Hungarian politician and businessman

Ernő Mesterházy (not to be mistaken with Attila Mesterházy of the Hungarian Socialist Party) has been a chief counsellor to Gábor Demszky, mayor of Budapest. Mesterházy is an influential and powerful businessman, a film producer, and owns a record company too, Bahia Music.

Ernő Mesterházy has been working not only as a counsellor to Demszky but also he had an authorization, a contract to represent Demszky in financial matters of Budapest including Metro building and BKV (Budapest's public transport company). Although he's been doing this for several years his contract was signed only in summer 2009.
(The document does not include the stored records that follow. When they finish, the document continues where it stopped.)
lemma true_val_ge_exp_cost:
  assumes res: "reservoir \<mu>" and bs: "batch_seq B" and ns: "N_sample_alg B N alg"
    and st: "strength_le \<mu> B alg advB advF Cost" and en: "ensures_le \<mu> B alg advB advF \<beta>"
  shows "dreach \<mu> B alg advB h c \<Longrightarrow> N - total_samples h < k \<Longrightarrow>
    exp (c - Cost) \<le> true_val \<mu> B alg \<beta> k h"
proof (induction k arbitrary: h c)
  case (Suc k)
  have "exp (c - Cost) \<le> action_value \<mu> B alg \<beta> k h a" if a: "a \<in> set_pmf (alg h)" for a
  proof (cases a)
    case (Output i)
    then show ?thesis
      using output_value_ge_exp_cost[OF res st en Suc.prems(1)] a by (simp add: action_value_def)
  next
    case (Sample i)
    let ?D = "decl_prob \<mu> B h i (advB h i)"
    have D: "0 < ?D"
      using st Suc.prems(1) a Sample unfolding strength_le_def by blast
    have "total_samples h + batch_size B h i \<le> N"
      using ns a Sample unfolding N_sample_alg_def by blast
    moreover have "0 < batch_size B h i"
      using bs Suc.prems(1) by (rule dreach_batch_size_pos)
    ultimately have budget: "N - total_samples (h @ [(i, \<omega>)]) < k"
      if "length \<omega> = batch_size B h i" for \<omega>
      using that Suc.prems(2) by (simp add: total_samples_snoc)
    have "exp (c - Cost) / ?D \<le> true_val \<mu> B alg \<beta> k (h @ [(i, \<omega>)])"
      if \<omega>: "\<omega> \<in> {\<omega>. length \<omega> = batch_size B h i} \<inter> advB h i" "0 < pred \<mu> h i \<omega>" for \<omega>
    proof -
      have "dreach \<mu> B alg advB (h @ [(i, \<omega>)]) (c + ln (1 / ?D))"
        using Suc.prems(1) a Sample \<omega> by (intro dreach.step) auto
      then have "exp (c + ln (1 / ?D) - Cost) \<le> true_val \<mu> B alg \<beta> k (h @ [(i, \<omega>)])"
        using budget \<omega>(1) by (intro Suc.IH) auto
      moreover have "exp (c + ln (1 / ?D) - Cost) = exp (c - Cost) / ?D"
        using D by (simp add: exp_add exp_diff)
      ultimately show ?thesis
        by simp
    qed
    then show ?thesis
      unfolding Sample action_value_def act.case using D
      by (intro weighted_sum_ge_of_event_bound)
         (auto simp: decl_prob_def finite_bool_lists_length pred_nonneg[OF res] true_val_bounds[OF res])
  qed
  moreover have "\<bar>action_value \<mu> B alg \<beta> k h a\<bar> \<le> 1" for a
    using action_value_bounds[OF res true_val_bounds[OF res]] by (simp add: abs_le_iff)
  ultimately show ?case
    unfolding true_val_Suc
    by (intro measure_pmf.integral_ge_const integrable_measure_pmf_bounded[where K = 1])
       (auto simp: AE_measure_pmf_iff)
qed simp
== Film production career ==
Mesterházy has been involved in the film industry since the early 1990s. Between 1993 and 2002 he produced a documentary series in South-East Asia called Indiék with Gábor Rohonyi, Nimród Antal and István Szaladják as the directors and István Szatmáry and Péter Vajda as cameramen.

Since 2007 together with his wife Mónika Mécs, he has actively participated in producing feature films. The first significant success was 2007 film's week surprise, where they won the audience's vote with their film called The End. After this time period they received more Hungarian and International recognition and acknowledgement. One of the most significant national prizes Mesterházy won was with the Hungarian film called Just the Wind, which was directed by Benedek Fliegauf. The film competed at the 62nd Berlin International Film Festival, where it won the Jury Grand Prix.

In 2017 at the Berlin International Film Festival they won the Golden Bear in the main competition section with their film called On Body and Soul directed by Ildikó Enyedi. Furthermore, the Sydney Film Festival wrapped up their 64th fest by naming On Body and Soul the winner of that year's Sydney Film Prize.